Your job with the data below is to output exactly the lines from the one holding "Context: $\mathfrak a$" down to the one holding "theory Defs", both included, and no others.
(DATASET RECORDS)
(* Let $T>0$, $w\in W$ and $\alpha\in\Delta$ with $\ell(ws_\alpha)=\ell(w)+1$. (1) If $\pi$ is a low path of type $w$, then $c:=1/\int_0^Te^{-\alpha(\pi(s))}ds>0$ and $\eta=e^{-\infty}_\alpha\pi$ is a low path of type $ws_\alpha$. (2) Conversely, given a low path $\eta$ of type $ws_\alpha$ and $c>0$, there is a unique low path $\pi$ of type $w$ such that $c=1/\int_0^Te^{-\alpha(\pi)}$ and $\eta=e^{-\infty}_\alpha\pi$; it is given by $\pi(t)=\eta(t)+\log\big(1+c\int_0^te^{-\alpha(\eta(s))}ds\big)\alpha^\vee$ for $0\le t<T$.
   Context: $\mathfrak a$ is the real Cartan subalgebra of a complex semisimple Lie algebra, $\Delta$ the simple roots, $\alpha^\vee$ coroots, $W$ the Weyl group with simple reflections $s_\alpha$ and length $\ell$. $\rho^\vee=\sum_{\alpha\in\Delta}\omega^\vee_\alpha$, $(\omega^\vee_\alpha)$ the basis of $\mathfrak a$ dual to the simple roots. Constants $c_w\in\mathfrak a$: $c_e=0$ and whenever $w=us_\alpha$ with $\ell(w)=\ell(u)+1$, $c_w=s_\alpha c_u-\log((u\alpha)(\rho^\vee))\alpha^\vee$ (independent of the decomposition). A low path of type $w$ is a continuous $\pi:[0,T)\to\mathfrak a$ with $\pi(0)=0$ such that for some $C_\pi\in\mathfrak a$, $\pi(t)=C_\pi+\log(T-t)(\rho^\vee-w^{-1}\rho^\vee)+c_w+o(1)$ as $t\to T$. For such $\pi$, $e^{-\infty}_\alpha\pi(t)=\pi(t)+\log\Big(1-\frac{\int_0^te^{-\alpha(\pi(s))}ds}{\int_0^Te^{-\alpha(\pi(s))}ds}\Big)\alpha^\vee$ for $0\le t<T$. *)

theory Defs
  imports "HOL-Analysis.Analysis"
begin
(End DATASET RECORDS)
[TASK SOLUTION]:
   Context: $\mathfrak a$ is the real Cartan subalgebra of a complex semisimple Lie algebra, $\Delta$ the simple roots, $\alpha^\vee$ coroots, $W$ the Weyl group with simple reflections $s_\alpha$ and length $\ell$. $\rho^\vee=\sum_{\alpha\in\Delta}\omega^\vee_\alpha$, $(\omega^\vee_\alpha)$ the basis of $\mathfrak a$ dual to the simple roots. Constants $c_w\in\mathfrak a$: $c_e=0$ and whenever $w=us_\alpha$ with $\ell(w)=\ell(u)+1$, $c_w=s_\alpha c_u-\log((u\alpha)(\rho^\vee))\alpha^\vee$ (independent of the decomposition). A low path of type $w$ is a continuous $\pi:[0,T)\to\mathfrak a$ with $\pi(0)=0$ such that for some $C_\pi\in\mathfrak a$, $\pi(t)=C_\pi+\log(T-t)(\rho^\vee-w^{-1}\rho^\vee)+c_w+o(1)$ as $t\to T$. For such $\pi$, $e^{-\infty}_\alpha\pi(t)=\pi(t)+\log\Big(1-\frac{\int_0^te^{-\alpha(\pi(s))}ds}{\int_0^Te^{-\alpha(\pi(s))}ds}\Big)\alpha^\vee$ for $0\le t<T$. *)

theory Defs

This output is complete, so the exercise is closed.